The Future of the book

"By the end of 2012, digital books will be 20% to 25% of unit sales, and that's on the conservative side," predicts Mike Shatzkin, chief executive of the Idea Logical Co., publishing consultants. "Add in another 25% of units sold online, and roughly half of all unit sales will be on the Internet."

Nowhere is the e-book tidal wave hitting harder than at bricks-and-mortar book retailers. The competitive advantage Barnes & Noble spent decades amassing—offering an enormous selection of more than 150,000 books under one roof—was already under pressure from online booksellers.

It evaporated with the recent advent of e-bookstores, where readers can access millions of titles for e-reader devices.

Even more problematic for brick-and-mortar retailers is the math if sales of physical books rapidly decrease: Because e-books don't require paper, printing presses, storage space or delivery trucks, they typically sell for less than half the price of a hardcover book. If physical book sales decline precipitously, chain retailers won't have enough revenue to support all their stores.

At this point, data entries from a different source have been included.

(* Let $k$ be a field of characteristic $0$, let $S$ be a simple extension of $k$ of degree $n$, and let $c$ be a primitive element of $S/k$. Let $q$ be a regular quadratic form over $k$ of rank $m$ and let $x=(x^{(1)},\dots,x^{(m)})\in S^m$ satisfy $q(x)\neq 0$. Let $V_c=\{b\in S^*\mid cb^2\text{ is a primitive element of }S/k\}$. Then the set $$U_{c,x,q}=\{b\in V_c\mid q(\{xb^{-1},cb^2\})\neq 0\}$$ is non-empty and open in $S^*$, where for $b\in V_c$ we write $\{xb^{-1},cb^2\}=(\{x^{(1)}b^{-1},cb^2\},\dots,\{x^{(m)}b^{-1},cb^2\})\in k^m$.
   Context: A $k$-algebra $S$ is a simple extension of degree $n$ of the field $k$ if there is $c\in S^*$ (a primitive element) such that $1,c,\dots,c^{n-1}$ is a $k$-basis of $S$. For a primitive element $d$ and $y\in S$, $\{y,d\}$ denotes the coefficient $y_{n-1}$ in the unique expression $y=\sum_{i=0}^{n-1}y_i d^i$ with $y_i\in k$. $S$ is identified with $\mathbb{A}^n(k)$ via a $k$-basis and given the Zariski topology; $S^*$ carries the subspace topology. *)

theory Defs
  imports Main "HOL.Vector_Spaces"
begin

definition k_algebra :: "('a::field \<Rightarrow> 'b::comm_ring_1 \<Rightarrow> 'b) \<Rightarrow> bool" where
  "k_algebra scale \<longleftrightarrow> vector_space scale \<and>
     (\<forall>a x y. scale a (x * y) = scale a x * y)"

definition units :: "'b::comm_ring_1 set" where
  "units = {b. b dvd 1}"

definition uinv :: "'b::comm_ring_1 \<Rightarrow> 'b" where
  "uinv b = (THE y. b * y = 1)"

definition primitive :: "('a::field \<Rightarrow> 'b::comm_ring_1 \<Rightarrow> 'b) \<Rightarrow> nat \<Rightarrow> 'b \<Rightarrow> bool" where
  "primitive scale n c \<longleftrightarrow> c \<in> units \<and> inj_on (\<lambda>i. c ^ i) {..<n} \<and>
     \<not> module.dependent scale ((\<lambda>i. c ^ i) ` {..<n}) \<and>
     module.span scale ((\<lambda>i. c ^ i) ` {..<n}) = UNIV"

definition pcoords :: "('a::field \<Rightarrow> 'b::comm_ring_1 \<Rightarrow> 'b) \<Rightarrow> nat \<Rightarrow> 'b \<Rightarrow> 'b \<Rightarrow> (nat \<Rightarrow> 'a)" where
  "pcoords scale n d y = (THE ys. (\<forall>i\<ge>n. ys i = 0) \<and> y = (\<Sum>i<n. scale (ys i) (d ^ i)))"

text \<open>{y, d}: the coefficient y_(n-1) of the expansion of y in powers of d.\<close>
definition top_coeff :: "('a::field \<Rightarrow> 'b::comm_ring_1 \<Rightarrow> 'b) \<Rightarrow> nat \<Rightarrow> 'b \<Rightarrow> 'b \<Rightarrow> 'a" where
  "top_coeff scale n y d = pcoords scale n d y (n - 1)"

inductive_set poly_fun :: "((nat \<Rightarrow> 'a::comm_ring_1) \<Rightarrow> 'a) set" where
  pf_const: "(\<lambda>v. a) \<in> poly_fun"
| pf_var: "(\<lambda>v. v i) \<in> poly_fun"
| pf_add: "p \<in> poly_fun \<Longrightarrow> q \<in> poly_fun \<Longrightarrow> (\<lambda>v. p v + q v) \<in> poly_fun"
| pf_mult: "p \<in> poly_fun \<Longrightarrow> q \<in> poly_fun \<Longrightarrow> (\<lambda>v. p v * q v) \<in> poly_fun"

text \<open>Zariski-open subsets of S, where S is identified with k^n via the k-basis
  1, c, ..., c^(n-1): complements of common zero sets of sets of polynomials.\<close>
definition zariski_open :: "('a::field \<Rightarrow> 'b::comm_ring_1 \<Rightarrow> 'b) \<Rightarrow> nat \<Rightarrow> 'b \<Rightarrow> 'b set \<Rightarrow> bool" where
  "zariski_open scale n c W \<longleftrightarrow>
     (\<exists>P \<subseteq> poly_fun. W = {y. \<exists>p\<in>P. p (pcoords scale n c y) \<noteq> 0})"

definition open_in_units :: "('a::field \<Rightarrow> 'b::comm_ring_1 \<Rightarrow> 'b) \<Rightarrow> nat \<Rightarrow> 'b \<Rightarrow> 'b set \<Rightarrow> bool" where
  "open_in_units scale n c U \<longleftrightarrow> (\<exists>W. zariski_open scale n c W \<and> U = W \<inter> units)"

definition qform :: "(nat \<Rightarrow> nat \<Rightarrow> 'a::comm_ring_1) \<Rightarrow> nat \<Rightarrow> (nat \<Rightarrow> 'a) \<Rightarrow> 'a" where
  "qform Q m v = (\<Sum>i<m. \<Sum>j<m. Q i j * v i * v j)"

definition regular_qform :: "(nat \<Rightarrow> nat \<Rightarrow> 'a::field) \<Rightarrow> nat \<Rightarrow> bool" where
  "regular_qform Q m \<longleftrightarrow>
     (\<forall>v. (\<forall>w. qform Q m (\<lambda>i. v i + w i) - qform Q m v - qform Q m w = 0)
          \<longrightarrow> (\<forall>i<m. v i = 0))"

text \<open>The quadratic form evaluated on S^m (extension of scalars).\<close>
definition qformS :: "('a::field \<Rightarrow> 'b::comm_ring_1 \<Rightarrow> 'b) \<Rightarrow> (nat \<Rightarrow> nat \<Rightarrow> 'a) \<Rightarrow> nat \<Rightarrow> (nat \<Rightarrow> 'b) \<Rightarrow> 'b" where
  "qformS scale Q m x = (\<Sum>i<m. \<Sum>j<m. scale (Q i j) (x i * x j))"

end

theory Submission
  imports Defs "Jordan_Normal_Form.Determinant" "HOL-Computational_Algebra.Polynomial"
begin

(* If b is a unit and c b^2 is primitive, Cramer's rule writes {x b^-1, c b^2} as
   G(b) / (N(b) D(c b^2)), where N is the norm, D(d) is the determinant of the coordinates of
   1, d, ..., d^(n-1), and G is polynomial in the coordinates of b. So U is the non-vanishing
   locus in S^* of the polynomial D(c b^2) q(G(b)), hence open.

   If U were empty, then on every line b = 1 + t e the polynomial q(G(b)) in t would vanish
   outside the finitely many roots of N(b) D(c b^2), hence identically. Its coefficients of
   t^0, t^1 and t^2 show that the vectors ({e y_a, c})_a for e in S span a totally isotropic
   subspace for q, where y_a is x_a with its j-th coordinate multiplied by 2j + 1. As
   (e, z) |-> {e z, c} is a nondegenerate pairing on S, this forces
   sum_a x_a (dq/dx_a)(x) = 2 q(x) = 0. *)

section \<open>Power bases\<close>

lemma primitive_imp_pos:
  assumes "vector_space scale" and "primitive scale n d"
  shows "0 < n"
proof -
  interpret vector_space scale by fact
  show ?thesis
  proof (rule ccontr)
    assume "\<not> 0 < n"
    then have "span {} = UNIV" using assms(2) unfolding primitive_def by simp
    then show False by (metis UNIV_I span_empty singletonD zero_neq_one)
  qed
qed

lemma primitive_sum_eq_0:
  assumes vs: "vector_space scale" and p: "primitive scale n d"
    and sum: "(\<Sum>i<n. scale (v i) (d ^ i)) = 0" and "i < n"
  shows "v i = 0"
proof -
  interpret vector_space scale by fact
  let ?B = "(\<lambda>i. d ^ i) ` {..<n}"
  have inj: "inj_on (\<lambda>i. d ^ i) {..<n}" and indep: "\<not> dependent ?B"
    using p unfolding primitive_def by auto
  define u where "u w = v (the_inv_into {..<n} (\<lambda>i. d ^ i) w)" for w
  have u_power: "u (d ^ j) = v j" if "j < n" for j
    unfolding u_def using the_inv_into_f_f[OF inj] that by simp
  have "(\<Sum>w\<in>?B. scale (u w) w) = (\<Sum>j<n. scale (v j) (d ^ j))"
    by (simp add: sum.reindex[OF inj] u_power)
  with sum indep dependent_finite[of ?B] have "\<forall>w\<in>?B. u w = 0" by auto
  then show ?thesis using u_power \<open>i < n\<close> by auto
qed

lemma primitive_sum_eqD:
  assumes vs: "vector_space scale" and "primitive scale n d"
    and "(\<Sum>i<n. scale (v i) (d ^ i)) = (\<Sum>i<n. scale (w i) (d ^ i))" and "i < n"
  shows "v i = w i"
proof -
  interpret vector_space scale by fact
  have "(\<Sum>i<n. scale (v i - w i) (d ^ i)) = 0"
    using assms(3) by (simp add: scale_left_diff_distrib sum_subtractf)
  then show ?thesis using primitive_sum_eq_0[OF vs assms(2)] assms(4) by fastforce
qed

lemma primitive_expansion_exists:
  assumes "vector_space scale" and "primitive scale n d"
  obtains v where "y = (\<Sum>i<n. scale (v i) (d ^ i))"
proof -
  interpret vector_space scale by fact
  let ?B = "(\<lambda>i. d ^ i) ` {..<n}"
  have inj: "inj_on (\<lambda>i. d ^ i) {..<n}" and "span ?B = UNIV"
    using assms(2) unfolding primitive_def by auto
  then obtain u where "y = (\<Sum>w\<in>?B. scale (u w) w)" using span_finite[of ?B] by auto
  then have "y = (\<Sum>j<n. scale (u (d ^ j)) (d ^ j))" by (simp add: sum.reindex[OF inj])
  then show thesis by (rule that)
qed

lemma pcoords_expansion:
  assumes vs: "vector_space scale" and p: "primitive scale n d"
  shows "(\<forall>i\<ge>n. pcoords scale n d y i = 0) \<and> y = (\<Sum>i<n. scale (pcoords scale n d y i) (d ^ i))"
proof -
  obtain v where v: "y = (\<Sum>i<n. scale (v i) (d ^ i))" using primitive_expansion_exists[OF vs p] .
  define w where "w i = (if i < n then v i else 0)" for i
  have w: "(\<forall>i\<ge>n. w i = 0) \<and> y = (\<Sum>i<n. scale (w i) (d ^ i))"
    unfolding w_def by (simp add: v)
  have "ys = w" if ys: "(\<forall>i\<ge>n. ys i = 0) \<and> y = (\<Sum>i<n. scale (ys i) (d ^ i))" for ys
  proof
    fix i show "ys i = w i"
      using ys w primitive_sum_eqD[OF vs p, of ys w i] by (cases "i < n") auto
  qed
  with w have "\<exists>!ys. (\<forall>i\<ge>n. ys i = 0) \<and> y = (\<Sum>i<n. scale (ys i) (d ^ i))" by blast
  then show ?thesis unfolding pcoords_def by (rule theI')
qed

"It's fair to say that the leadership folks at the major trade publishers didn't believe until very recently that e-books had any economic life in them," Arthur Klebanoff, chief executive of New York-based RosettaBooks LLC, an e-book publisher.

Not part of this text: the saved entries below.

lemma vnumber_eq_Least_ass_degree: "vnumber I = (LEAST d. ass_degree I d)"
  by (simp add: vnumber_def ass_degree_def)

lemma obtain_exchange_cover:
  fixes E :: "'v::finite set set" and f :: "('v, 'k::comm_ring_1) mpoly"
  assumes m: "m \<in> Poly_Mapping.keys f" "\<not> vertex_cover E (Poly_Mapping.keys m)"
    and "Var v * f \<in> Ic E"
  obtains C where "minimal_vertex_cover E C" and "v \<in> C"
    and "C - {v} \<subseteq> Poly_Mapping.keys m" and "v \<notin> Poly_Mapping.keys m"
proof -
  have "f * Poly_Mapping.single (Poly_Mapping.single v 1) 1 \<in> Ic E"
    using assms(3) by (simp add: Var_def mult.commute)
  moreover have "m + Poly_Mapping.single v 1 \<in> Poly_Mapping.keys (f * Poly_Mapping.single (Poly_Mapping.single v 1) 1)"
    using m(1) by (simp add: keys_mult_single_right)
  ultimately have cover: "vertex_cover E (insert v (Poly_Mapping.keys m))"
    by (auto simp: mem_Ic_iff keys_add_exponents)
  with m(2) have "v \<notin> Poly_Mapping.keys m"
    by (metis insert_absorb)
  obtain C where C: "minimal_vertex_cover E C" "C \<subseteq> insert v (Poly_Mapping.keys m)"
    using obtain_minimal_vertex_cover_subset[OF finite cover] .
  have "v \<in> C"
    using C m(2) vertex_cover_mono[OF minimal_vertex_cover_imp_vertex_cover[OF C(1)]] by blast
  with C \<open>v \<notin> Poly_Mapping.keys m\<close> that show ?thesis by blast
qed

lemma ass_degree_lower_bound:
  fixes E :: "'v::finite set set"
  assumes "simple_graph E" and "unmixed E" and "ass_degree (Ic E :: ('v, 'k::field) mpoly set) d"
  shows "alpha0 E - 1 \<le> d" and "d = alpha0 E - 1 \<Longrightarrow> \<exists>C D. GJ_edge E C D"
proof -
  obtain f where f: "homogeneous d f" and ass: "colon (Ic E :: ('v, 'k) mpoly set) f \<in> Ass (Ic E)"
    using assms(3) unfolding ass_degree_def by blast
  have prime: "prime_ideal (colon (Ic E :: ('v, 'k) mpoly set) f)"
    using ass by (simp add: Ass_def)
  have "f \<notin> Ic E"
  proof
    assume "f \<in> Ic E"
    then have "colon (Ic E) f = UNIV"
      unfolding colon_def Ic_def by (auto intro: ideal_gen_mult_left)
    with prime show False by (simp add: prime_ideal_def)
  qed
  then obtain m where m: "m \<in> Poly_Mapping.keys f" "\<not> vertex_cover E (Poly_Mapping.keys m)"
    by (auto simp: mem_Ic_iff)
  obtain e where "e \<in> E" and e_vars: "\<forall>v\<in>e. Var v * f \<in> Ic E"
    using prime_over_Ic_contains_edge[OF prime Ic_subset_colon] by (auto simp: colon_def)
  then obtain k l where kl: "e = {k, l}" "k \<noteq> l"
    using assms(1) by (blast elim: simple_graph_edgeE)
  \<comment> \<open>t_v f \<in> J makes supp m \<union> {v} a cover, so supp m misses some minimal cover only at v\<close>
  obtain C where C: "minimal_vertex_cover E C" "k \<in> C" "C - {k} \<subseteq> Poly_Mapping.keys m"
    "k \<notin> Poly_Mapping.keys m"
    using obtain_exchange_cover[OF m] e_vars kl by blast
  obtain D where D: "minimal_vertex_cover E D" "l \<in> D" "D - {l} \<subseteq> Poly_Mapping.keys m"
    using obtain_exchange_cover[OF m] e_vars kl by blast
  have card_C: "card (C - {k}) = alpha0 E - 1" and card_D: "card (D - {l}) = alpha0 E - 1"
    using C(2) D(2) alpha0_eq_card_minimal_vertex_cover[OF assms(2) C(1)]
      alpha0_eq_card_minimal_vertex_cover[OF assms(2) D(1)] by simp_all
  have deg: "card (Poly_Mapping.keys m) \<le> d"
    using card_keys_le_mon_deg[of m] f m(1) by (simp add: homogeneous_def)
  show "alpha0 E - 1 \<le> d"
    using card_mono[OF finite_keys C(3)] card_C deg by simp
  assume "d = alpha0 E - 1"
  then have "C - {k} = Poly_Mapping.keys m" and "D - {l} = Poly_Mapping.keys m"
    using card_seteq[OF finite_keys C(3)] card_seteq[OF finite_keys D(3)] card_C card_D deg
    by simp_all
  then show "\<exists>C D. GJ_edge E C D"
    using GJ_edge_if_Diff_eq[OF C(1) D(1) C(2) D(2) kl(2)] by auto
qed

It may be a sad state of affairs to see all these bookshops vanish, but it is inevitable that the industry will change, indeed is currently in the process of the greatest change since the paperback novel was invented. Take a look at the graph on the left and you will see that since last year there has been a -5% drop overall in physical book sales but a 190% increase in digital sales.


Regular books will be around for some time to come but they will have to exist alongside their electronic versions.